| Activity |
Look below for the line containing "interpret other: positive_eigenvector"; from there, print each line exactly up to and including the line containing "unfolding t_def by (rule Max_in) auto", and stop.

------------------------------------------------------------------------

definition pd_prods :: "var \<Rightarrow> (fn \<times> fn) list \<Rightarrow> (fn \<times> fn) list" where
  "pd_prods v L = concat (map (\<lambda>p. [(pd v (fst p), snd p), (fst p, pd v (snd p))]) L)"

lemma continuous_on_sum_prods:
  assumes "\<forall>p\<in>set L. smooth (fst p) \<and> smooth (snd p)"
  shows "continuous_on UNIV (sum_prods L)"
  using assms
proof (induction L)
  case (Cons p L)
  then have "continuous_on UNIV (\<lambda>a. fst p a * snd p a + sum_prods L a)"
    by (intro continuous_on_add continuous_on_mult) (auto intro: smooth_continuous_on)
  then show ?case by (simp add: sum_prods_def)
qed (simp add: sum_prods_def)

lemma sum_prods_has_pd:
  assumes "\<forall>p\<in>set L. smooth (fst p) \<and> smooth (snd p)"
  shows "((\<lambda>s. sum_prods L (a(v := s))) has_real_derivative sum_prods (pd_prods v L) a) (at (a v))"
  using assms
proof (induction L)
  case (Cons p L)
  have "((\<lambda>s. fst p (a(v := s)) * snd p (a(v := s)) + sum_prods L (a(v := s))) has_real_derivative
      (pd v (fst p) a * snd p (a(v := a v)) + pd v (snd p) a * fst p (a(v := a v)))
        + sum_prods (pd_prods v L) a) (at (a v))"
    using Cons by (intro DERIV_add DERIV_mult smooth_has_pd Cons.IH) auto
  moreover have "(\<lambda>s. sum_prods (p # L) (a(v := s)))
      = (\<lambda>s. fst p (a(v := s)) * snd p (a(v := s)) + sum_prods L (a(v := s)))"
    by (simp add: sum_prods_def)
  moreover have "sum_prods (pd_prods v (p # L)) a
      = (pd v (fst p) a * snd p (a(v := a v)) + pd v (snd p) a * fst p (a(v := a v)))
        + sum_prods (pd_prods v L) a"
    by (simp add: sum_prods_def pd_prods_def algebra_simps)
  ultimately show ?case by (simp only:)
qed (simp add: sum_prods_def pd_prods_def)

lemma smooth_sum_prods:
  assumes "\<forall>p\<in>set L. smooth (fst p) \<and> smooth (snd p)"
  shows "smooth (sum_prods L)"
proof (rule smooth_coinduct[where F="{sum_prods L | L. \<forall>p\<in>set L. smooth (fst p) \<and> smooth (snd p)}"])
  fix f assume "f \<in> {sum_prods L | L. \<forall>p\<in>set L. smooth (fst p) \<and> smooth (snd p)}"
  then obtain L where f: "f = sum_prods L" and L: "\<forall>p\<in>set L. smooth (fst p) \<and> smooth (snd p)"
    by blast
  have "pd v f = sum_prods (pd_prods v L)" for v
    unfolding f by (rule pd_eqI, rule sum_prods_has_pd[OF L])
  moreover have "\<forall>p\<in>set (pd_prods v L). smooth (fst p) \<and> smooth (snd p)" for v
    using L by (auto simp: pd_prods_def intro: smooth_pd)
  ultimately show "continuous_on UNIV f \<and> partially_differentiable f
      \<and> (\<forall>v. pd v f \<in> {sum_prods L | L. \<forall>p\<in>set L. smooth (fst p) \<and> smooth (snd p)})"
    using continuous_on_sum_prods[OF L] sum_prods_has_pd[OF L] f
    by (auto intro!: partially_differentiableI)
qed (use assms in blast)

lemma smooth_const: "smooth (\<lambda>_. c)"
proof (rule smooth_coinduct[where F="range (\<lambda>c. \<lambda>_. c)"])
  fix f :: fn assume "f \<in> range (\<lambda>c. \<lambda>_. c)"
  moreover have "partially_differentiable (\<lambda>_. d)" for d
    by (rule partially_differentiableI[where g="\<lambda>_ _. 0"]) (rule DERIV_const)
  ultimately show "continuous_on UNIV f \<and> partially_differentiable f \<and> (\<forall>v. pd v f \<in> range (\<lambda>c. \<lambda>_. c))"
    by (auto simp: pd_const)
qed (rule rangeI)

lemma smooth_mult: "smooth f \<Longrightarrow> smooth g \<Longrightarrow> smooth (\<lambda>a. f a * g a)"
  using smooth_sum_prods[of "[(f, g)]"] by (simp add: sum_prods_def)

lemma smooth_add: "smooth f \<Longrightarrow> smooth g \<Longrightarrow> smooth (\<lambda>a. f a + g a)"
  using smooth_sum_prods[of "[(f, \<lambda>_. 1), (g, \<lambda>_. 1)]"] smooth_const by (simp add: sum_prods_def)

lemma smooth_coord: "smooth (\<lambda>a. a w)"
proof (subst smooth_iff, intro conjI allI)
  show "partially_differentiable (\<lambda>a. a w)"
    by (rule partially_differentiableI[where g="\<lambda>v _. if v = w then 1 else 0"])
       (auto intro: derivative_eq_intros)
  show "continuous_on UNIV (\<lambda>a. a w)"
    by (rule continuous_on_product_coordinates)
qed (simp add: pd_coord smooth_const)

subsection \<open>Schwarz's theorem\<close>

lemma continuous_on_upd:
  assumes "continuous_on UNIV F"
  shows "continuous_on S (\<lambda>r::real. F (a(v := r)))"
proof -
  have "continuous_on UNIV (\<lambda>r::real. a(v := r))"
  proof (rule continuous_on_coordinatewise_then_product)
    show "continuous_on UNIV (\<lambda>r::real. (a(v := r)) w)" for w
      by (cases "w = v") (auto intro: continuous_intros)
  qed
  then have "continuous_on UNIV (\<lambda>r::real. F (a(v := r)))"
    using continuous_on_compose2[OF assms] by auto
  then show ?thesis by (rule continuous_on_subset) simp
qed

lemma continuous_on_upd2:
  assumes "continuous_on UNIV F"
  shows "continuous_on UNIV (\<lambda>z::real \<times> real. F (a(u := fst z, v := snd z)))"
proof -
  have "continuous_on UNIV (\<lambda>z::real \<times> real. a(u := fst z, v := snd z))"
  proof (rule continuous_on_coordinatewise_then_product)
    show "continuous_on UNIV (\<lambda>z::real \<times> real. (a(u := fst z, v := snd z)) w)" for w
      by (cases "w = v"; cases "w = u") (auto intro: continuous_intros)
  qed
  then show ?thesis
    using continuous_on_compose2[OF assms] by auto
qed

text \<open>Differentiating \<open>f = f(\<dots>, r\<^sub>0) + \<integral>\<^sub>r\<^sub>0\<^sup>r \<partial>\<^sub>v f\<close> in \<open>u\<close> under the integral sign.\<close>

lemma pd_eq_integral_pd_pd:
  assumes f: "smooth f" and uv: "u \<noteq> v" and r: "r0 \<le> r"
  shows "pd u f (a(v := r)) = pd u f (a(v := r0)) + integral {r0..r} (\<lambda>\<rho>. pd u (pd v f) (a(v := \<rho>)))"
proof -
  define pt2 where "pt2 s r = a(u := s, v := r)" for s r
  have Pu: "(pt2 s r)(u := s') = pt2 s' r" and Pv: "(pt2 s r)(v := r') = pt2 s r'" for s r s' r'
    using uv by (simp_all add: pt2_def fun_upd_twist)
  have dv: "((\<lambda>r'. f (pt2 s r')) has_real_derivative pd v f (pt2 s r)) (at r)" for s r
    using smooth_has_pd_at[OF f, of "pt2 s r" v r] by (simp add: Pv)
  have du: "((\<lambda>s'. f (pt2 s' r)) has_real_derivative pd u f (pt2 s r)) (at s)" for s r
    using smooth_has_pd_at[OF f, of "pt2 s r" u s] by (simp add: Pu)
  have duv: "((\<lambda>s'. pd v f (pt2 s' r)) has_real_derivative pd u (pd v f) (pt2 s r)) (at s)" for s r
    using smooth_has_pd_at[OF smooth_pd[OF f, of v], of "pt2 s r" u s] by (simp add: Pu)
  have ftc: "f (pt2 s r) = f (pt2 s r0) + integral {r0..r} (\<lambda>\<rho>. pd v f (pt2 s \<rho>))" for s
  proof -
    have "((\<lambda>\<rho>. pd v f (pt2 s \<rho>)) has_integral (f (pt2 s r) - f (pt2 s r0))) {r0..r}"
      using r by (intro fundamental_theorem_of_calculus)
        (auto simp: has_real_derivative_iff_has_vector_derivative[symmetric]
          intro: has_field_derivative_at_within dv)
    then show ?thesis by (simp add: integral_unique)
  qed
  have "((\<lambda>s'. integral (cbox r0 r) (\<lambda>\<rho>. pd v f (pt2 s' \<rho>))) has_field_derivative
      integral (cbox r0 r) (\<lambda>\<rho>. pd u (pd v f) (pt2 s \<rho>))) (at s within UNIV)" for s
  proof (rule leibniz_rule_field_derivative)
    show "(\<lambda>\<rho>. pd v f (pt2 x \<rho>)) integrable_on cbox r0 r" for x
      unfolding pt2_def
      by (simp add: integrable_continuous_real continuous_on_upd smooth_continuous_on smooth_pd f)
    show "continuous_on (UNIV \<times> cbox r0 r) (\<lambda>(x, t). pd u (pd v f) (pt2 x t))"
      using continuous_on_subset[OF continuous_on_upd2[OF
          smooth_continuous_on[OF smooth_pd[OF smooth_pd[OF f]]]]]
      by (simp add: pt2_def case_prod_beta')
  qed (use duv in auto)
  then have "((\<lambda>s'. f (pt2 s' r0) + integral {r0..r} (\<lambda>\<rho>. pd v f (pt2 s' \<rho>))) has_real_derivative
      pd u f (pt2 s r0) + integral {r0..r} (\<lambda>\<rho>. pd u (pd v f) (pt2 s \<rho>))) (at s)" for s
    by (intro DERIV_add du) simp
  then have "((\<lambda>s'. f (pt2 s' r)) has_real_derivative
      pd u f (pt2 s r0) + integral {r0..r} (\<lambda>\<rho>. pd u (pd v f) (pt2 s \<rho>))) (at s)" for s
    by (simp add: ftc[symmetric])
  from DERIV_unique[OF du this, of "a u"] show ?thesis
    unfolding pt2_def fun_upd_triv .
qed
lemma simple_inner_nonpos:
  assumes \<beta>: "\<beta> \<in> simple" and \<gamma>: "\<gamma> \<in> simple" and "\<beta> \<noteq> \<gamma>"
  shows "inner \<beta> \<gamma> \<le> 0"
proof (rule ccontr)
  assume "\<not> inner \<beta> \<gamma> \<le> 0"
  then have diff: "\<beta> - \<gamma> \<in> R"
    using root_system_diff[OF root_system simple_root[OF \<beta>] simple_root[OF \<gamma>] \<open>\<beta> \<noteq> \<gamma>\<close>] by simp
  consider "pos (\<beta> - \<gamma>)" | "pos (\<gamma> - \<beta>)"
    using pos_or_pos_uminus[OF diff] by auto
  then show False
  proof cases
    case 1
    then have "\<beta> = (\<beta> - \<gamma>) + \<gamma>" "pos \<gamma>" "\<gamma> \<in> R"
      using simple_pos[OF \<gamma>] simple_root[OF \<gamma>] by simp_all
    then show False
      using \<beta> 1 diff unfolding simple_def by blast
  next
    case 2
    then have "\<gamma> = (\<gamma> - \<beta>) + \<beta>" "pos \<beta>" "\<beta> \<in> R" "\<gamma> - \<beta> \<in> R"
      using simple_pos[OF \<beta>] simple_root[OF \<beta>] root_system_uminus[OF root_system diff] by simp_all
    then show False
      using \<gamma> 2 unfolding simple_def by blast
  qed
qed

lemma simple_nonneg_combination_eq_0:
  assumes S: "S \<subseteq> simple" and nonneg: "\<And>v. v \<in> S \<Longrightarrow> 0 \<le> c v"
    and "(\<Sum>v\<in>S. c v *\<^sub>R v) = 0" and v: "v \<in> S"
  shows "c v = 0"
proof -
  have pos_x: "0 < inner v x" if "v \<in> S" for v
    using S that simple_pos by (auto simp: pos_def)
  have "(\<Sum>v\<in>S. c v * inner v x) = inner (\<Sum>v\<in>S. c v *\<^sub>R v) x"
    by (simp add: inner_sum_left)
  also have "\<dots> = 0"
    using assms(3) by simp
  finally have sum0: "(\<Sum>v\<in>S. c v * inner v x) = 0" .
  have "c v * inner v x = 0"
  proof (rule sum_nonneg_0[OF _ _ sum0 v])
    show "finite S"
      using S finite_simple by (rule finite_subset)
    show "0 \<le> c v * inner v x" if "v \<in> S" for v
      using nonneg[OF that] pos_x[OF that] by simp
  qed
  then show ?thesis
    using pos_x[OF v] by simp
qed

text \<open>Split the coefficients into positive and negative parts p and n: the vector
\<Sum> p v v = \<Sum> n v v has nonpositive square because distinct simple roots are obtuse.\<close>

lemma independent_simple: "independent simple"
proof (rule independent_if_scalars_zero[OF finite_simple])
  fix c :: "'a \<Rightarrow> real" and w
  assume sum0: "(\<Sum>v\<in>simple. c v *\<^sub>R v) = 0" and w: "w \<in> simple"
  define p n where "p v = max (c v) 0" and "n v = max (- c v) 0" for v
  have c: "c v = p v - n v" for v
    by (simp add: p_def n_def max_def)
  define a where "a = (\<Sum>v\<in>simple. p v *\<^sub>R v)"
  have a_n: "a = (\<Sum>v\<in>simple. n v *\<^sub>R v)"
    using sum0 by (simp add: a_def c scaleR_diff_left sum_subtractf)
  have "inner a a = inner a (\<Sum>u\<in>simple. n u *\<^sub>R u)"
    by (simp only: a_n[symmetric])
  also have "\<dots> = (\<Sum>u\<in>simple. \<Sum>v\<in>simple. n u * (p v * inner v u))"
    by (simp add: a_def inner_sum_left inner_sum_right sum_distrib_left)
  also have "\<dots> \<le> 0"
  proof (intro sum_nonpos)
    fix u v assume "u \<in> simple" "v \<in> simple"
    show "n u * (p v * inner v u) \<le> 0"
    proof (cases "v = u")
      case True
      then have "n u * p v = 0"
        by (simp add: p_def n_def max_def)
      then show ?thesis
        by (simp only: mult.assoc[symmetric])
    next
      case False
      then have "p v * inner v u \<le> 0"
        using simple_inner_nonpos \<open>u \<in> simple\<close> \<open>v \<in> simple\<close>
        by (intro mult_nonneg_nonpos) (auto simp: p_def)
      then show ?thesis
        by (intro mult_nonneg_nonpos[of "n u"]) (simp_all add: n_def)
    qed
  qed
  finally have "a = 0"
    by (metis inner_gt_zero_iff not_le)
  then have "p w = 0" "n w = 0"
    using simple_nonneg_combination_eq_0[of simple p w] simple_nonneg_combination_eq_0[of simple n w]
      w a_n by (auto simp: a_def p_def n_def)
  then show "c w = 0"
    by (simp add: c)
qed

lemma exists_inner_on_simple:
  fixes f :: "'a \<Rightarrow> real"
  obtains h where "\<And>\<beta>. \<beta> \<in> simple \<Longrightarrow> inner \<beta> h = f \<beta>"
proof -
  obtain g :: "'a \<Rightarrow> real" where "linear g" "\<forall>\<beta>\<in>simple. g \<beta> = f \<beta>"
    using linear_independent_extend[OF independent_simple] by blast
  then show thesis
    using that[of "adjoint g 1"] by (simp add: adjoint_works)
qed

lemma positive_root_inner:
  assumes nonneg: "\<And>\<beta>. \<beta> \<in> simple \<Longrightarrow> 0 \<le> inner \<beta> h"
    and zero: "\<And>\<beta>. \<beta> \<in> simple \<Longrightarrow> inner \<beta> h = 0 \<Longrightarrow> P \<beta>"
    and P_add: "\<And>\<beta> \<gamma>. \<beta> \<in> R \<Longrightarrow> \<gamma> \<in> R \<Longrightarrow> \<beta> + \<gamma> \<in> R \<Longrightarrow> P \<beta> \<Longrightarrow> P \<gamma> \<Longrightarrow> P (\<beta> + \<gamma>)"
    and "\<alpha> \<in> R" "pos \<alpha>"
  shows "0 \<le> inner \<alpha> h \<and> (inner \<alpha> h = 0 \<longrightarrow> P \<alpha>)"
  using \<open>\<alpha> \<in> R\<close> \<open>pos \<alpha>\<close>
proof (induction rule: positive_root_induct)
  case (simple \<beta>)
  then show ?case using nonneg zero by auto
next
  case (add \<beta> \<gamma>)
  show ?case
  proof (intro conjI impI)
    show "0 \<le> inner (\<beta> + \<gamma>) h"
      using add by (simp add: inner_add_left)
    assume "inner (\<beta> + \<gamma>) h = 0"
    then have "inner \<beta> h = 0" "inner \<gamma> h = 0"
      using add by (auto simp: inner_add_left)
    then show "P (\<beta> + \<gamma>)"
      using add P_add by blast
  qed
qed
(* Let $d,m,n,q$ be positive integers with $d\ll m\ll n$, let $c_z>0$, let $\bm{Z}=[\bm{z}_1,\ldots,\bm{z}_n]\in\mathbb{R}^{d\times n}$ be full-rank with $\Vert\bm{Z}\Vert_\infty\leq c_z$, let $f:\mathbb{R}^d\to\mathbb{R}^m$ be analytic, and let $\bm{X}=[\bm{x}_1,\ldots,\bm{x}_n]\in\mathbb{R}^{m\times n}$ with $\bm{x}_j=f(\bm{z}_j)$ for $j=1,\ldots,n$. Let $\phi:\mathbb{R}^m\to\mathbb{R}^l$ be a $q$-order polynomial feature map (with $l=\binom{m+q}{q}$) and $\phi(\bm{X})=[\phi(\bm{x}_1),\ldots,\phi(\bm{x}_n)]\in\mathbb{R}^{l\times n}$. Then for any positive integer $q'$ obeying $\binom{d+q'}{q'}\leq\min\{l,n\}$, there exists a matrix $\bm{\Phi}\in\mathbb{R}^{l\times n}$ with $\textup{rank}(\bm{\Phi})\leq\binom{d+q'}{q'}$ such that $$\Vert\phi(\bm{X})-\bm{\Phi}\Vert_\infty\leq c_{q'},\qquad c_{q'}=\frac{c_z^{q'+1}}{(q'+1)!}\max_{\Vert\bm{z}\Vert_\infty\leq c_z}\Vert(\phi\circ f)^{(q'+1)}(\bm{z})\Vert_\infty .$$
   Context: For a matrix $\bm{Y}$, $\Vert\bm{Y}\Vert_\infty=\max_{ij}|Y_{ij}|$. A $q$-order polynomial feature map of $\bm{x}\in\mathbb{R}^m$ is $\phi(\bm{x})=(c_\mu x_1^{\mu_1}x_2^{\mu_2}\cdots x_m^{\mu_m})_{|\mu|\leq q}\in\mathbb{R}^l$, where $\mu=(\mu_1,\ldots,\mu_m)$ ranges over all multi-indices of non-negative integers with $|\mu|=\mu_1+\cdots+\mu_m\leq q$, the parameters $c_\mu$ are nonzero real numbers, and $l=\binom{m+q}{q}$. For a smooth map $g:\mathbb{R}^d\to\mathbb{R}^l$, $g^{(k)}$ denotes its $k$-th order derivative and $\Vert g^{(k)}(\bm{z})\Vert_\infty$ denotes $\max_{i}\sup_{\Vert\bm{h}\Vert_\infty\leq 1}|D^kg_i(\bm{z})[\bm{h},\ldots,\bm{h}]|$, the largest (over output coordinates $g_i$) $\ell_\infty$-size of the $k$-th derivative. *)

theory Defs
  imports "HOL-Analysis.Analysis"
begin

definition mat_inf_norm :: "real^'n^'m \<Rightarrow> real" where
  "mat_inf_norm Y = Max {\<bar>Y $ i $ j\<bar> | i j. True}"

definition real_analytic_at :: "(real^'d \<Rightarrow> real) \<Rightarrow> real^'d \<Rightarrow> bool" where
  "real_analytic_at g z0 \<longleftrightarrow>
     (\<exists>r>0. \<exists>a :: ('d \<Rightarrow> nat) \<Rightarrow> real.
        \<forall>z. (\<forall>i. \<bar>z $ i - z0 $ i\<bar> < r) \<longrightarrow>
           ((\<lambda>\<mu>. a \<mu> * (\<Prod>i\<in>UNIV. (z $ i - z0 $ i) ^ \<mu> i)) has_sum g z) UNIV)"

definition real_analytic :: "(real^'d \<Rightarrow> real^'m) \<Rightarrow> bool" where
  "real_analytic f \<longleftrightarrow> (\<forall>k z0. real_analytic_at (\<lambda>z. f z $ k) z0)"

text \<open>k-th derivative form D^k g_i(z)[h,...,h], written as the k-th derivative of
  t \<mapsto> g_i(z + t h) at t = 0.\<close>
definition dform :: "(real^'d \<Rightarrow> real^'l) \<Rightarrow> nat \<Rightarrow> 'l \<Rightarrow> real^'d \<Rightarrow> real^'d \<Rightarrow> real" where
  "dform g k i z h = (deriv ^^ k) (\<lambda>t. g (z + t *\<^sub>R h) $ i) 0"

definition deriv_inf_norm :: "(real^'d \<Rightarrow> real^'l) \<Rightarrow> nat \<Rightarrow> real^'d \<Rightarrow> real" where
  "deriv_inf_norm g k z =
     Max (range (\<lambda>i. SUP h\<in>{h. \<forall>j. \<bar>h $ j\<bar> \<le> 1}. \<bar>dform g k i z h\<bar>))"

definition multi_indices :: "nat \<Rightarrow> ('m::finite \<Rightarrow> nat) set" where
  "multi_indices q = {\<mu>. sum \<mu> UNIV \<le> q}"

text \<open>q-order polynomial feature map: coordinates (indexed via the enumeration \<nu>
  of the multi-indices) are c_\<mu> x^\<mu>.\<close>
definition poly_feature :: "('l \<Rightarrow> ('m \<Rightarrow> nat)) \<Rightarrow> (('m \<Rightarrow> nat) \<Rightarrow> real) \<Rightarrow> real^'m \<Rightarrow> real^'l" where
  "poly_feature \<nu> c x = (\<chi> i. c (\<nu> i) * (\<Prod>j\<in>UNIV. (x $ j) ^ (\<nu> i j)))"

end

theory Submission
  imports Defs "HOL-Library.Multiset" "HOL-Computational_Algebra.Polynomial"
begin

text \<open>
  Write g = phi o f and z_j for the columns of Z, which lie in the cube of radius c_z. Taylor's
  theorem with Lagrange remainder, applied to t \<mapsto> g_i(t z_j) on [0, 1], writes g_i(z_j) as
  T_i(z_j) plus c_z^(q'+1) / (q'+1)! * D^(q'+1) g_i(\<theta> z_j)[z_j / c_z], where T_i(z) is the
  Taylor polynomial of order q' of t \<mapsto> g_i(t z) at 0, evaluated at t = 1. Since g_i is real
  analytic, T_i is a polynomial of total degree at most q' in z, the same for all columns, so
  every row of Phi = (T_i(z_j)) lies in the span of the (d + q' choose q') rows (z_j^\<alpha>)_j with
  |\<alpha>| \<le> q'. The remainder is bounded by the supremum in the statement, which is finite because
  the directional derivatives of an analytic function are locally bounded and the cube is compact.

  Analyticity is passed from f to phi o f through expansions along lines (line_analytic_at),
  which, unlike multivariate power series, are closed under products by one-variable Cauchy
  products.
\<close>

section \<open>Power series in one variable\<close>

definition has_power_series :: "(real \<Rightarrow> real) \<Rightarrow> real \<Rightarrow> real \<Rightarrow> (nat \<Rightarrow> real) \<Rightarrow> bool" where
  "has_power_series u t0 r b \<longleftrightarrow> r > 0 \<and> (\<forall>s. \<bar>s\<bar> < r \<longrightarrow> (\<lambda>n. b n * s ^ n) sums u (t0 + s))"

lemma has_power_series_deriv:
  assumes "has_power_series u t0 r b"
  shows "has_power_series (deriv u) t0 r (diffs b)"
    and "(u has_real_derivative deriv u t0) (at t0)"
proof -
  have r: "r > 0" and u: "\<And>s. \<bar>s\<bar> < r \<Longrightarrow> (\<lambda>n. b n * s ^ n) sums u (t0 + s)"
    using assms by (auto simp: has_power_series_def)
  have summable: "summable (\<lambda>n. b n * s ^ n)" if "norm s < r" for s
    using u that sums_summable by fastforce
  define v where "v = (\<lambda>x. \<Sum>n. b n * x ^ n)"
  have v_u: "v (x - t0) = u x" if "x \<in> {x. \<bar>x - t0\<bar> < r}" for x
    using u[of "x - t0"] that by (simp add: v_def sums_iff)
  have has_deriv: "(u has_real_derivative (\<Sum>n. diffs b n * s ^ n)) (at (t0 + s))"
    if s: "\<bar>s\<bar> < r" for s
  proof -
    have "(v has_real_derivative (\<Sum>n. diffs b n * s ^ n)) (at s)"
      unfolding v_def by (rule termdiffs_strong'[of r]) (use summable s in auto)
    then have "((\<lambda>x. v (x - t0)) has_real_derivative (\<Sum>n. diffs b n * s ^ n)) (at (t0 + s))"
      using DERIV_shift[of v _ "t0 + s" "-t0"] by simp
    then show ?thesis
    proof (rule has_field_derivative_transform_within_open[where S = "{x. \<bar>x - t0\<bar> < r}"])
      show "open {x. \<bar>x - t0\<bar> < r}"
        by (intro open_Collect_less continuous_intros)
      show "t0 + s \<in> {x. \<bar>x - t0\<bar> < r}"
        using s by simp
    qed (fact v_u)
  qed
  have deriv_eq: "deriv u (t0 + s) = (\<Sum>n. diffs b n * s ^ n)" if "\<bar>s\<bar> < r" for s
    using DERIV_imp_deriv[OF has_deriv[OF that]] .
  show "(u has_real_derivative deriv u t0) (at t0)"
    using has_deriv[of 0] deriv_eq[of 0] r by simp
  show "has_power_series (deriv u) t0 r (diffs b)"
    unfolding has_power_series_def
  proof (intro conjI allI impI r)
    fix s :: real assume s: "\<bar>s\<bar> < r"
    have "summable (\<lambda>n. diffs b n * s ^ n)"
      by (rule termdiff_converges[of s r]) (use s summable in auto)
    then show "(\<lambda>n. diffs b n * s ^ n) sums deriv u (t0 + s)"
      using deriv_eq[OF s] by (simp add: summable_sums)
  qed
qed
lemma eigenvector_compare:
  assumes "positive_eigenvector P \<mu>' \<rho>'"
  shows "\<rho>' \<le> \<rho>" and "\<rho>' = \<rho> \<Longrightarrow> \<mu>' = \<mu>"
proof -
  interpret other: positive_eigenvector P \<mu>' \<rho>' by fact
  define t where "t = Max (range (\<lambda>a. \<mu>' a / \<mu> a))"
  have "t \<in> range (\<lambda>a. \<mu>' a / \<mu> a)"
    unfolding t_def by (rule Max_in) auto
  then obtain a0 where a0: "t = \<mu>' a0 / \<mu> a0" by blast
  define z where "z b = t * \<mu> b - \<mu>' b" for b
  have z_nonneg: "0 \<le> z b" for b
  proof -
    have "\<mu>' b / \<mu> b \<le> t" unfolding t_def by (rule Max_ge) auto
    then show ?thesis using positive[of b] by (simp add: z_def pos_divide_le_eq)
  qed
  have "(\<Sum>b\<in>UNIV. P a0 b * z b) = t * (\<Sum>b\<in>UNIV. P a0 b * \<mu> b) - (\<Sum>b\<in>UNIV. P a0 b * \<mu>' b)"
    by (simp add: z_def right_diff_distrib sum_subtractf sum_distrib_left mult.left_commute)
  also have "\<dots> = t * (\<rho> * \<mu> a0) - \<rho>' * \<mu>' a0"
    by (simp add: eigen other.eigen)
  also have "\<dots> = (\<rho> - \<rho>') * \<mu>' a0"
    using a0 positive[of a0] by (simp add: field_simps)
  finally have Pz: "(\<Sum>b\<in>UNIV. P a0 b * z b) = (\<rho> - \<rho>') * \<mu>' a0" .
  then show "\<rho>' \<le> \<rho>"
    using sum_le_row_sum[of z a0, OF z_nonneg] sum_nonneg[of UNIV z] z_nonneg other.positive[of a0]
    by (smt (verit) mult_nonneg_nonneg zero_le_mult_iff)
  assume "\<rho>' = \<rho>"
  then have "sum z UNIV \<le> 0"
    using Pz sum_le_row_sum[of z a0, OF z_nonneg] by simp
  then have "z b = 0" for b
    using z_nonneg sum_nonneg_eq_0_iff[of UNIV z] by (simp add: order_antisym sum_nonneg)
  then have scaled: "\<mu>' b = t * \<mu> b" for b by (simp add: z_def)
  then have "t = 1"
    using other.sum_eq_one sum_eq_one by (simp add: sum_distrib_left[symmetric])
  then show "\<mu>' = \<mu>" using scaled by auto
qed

------------------------------------------------------------------------

| Task result |
  interpret other: positive_eigenvector P \<mu>' \<rho>' by fact
  define t where "t = Max (range (\<lambda>a. \<mu>' a / \<mu> a))"
  have "t \<in> range (\<lambda>a. \<mu>' a / \<mu> a)"
    unfolding t_def by (rule Max_in) auto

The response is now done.